The economic relationship between Egypt and the EU has never been stronger. Bilateral trade quadrupled from €8.6 billion to €37.2 billion over the last twenty years, and the EU accounts for 22% of Egypt’s overall trade flows.
In this era of grave challenges, Egypt and the EU also agreed this January to intensify joint efforts in a range of strategic areas – including climate change. Egypt’s role as a regional leader can inspire others towards decarbonisation and demonstrate that green investment can go hand-in-hand with economic stability and growth.
In Europe, having already reduced greenhouse gas emissions by a third between 1990 and 2022, we are working towards an interim target of a 55% emissions reduction by 2030. Last week, the European Commission outlined further pathways to reach a 90% reduction by 2040 compared to 1990. And the EU has legally committed to achieving carbon neutrality by 2050.
As part of that commitment, we identified carbon pricing as an important and efficient instrument to spur the drive to net zero, in line with the polluter pays principle. We welcome that over 50 jurisdictions around the world also use some form of carbon pricing and that an ever-growing number are considering carbon taxation options.
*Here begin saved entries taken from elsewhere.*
theorem theorem1p1:
  fixes m s t :: nat and e :: int
  assumes "- int t \<le> e" and "e \<le> int s"
  shows "qbinom (int m) (int t) * qbinom (int m + e) (int s) =
    (\<Sum>j\<in>{j::nat. j \<le> s \<and> int j \<le> int t + e}.
       [:0, 1:] ^ nat ((int s - int j) * (int t + e - int j))
       * qbinom (int t + e) (int j) * qbinom (int s - e) (int s - int j)
       * qbinom (int m + int j) (int s + int t))"
proof -
  obtain n r :: nat where n: "int t + e = int n" and r: "int s - e = int r"
    using assms zero_le_imp_eq_int[of "int t + e"] zero_le_imp_eq_int[of "int s - e"] by auto
  have nr: "n + r = s + t"
    using n r by linarith
  have rhs: "(\<Sum>j\<in>{j. j \<le> s \<and> int j \<le> int t + e}.
       qvar ^ nat ((int s - int j) * (int t + e - int j))
       * qbinom (int t + e) (int j) * qbinom (int s - e) (int s - int j)
       * qbinom (int m + int j) (int s + int t))
    = (\<Sum>j\<le>s. qvar ^ ((s - j) * (n - j)) * gauss_binom qvar n j * gauss_binom qvar r (s - j)
       * gauss_binom qvar (m + j) (s + t))"
    unfolding n r qbinom_of_nat[of "m + _" "s + t", simplified]
    by (rule qbinom_sum_as_gauss_binom_sum)
  show ?thesis
  proof (cases "t \<le> m")
    case True
    then obtain p where m: "m = p + t"
      using le_Suc_ex by (metis add.commute)
    have "int m + e = int (p + n)"
      using m n by simp
    then have "qbinom (int m) (int t) * qbinom (int m + e) (int s)
        = gauss_binom qvar (p + t) t * gauss_binom qvar (p + n) s"
      by (simp only: m qbinom_of_nat)
    also have "\<dots> = (\<Sum>j\<le>s. qvar ^ ((s - j) * (n - j)) * gauss_binom qvar n j
        * gauss_binom qvar r (s - j) * gauss_binom qvar (m + j) (s + t))"
      unfolding m by (rule gauss_binom_product_expansion[OF nr])
    also note rhs[symmetric]
    finally show ?thesis .
  next
    case False
    then have "gauss_binom qvar (m + j) (s + t) = 0" if "j \<le> s" for j
      using that by (simp add: gauss_binom_eq_0)
    with False show ?thesis
      unfolding rhs by (simp add: qbinom_of_nat gauss_binom_eq_0)
  qed
qed

end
Global decarbonisation requires significant changes for society and all industry, in particular energy intensive sectors. In the past, we helped EU industry adjust by issuing free allowances to certain energy intensive sectors under our Emissions Trading System. These allowances are now being phased out at a faster rate, in particular for the most energy intensive sectors where they will be completely phased-out by 2034.
But if our own mitigation tools are to continue performing, emissions shouldn’t simply be reproduced elsewhere. We must avoid the risk of carbon leakage. That’s where the EU’s Carbon Border Adjustment Mechanism (CBAM) comes in.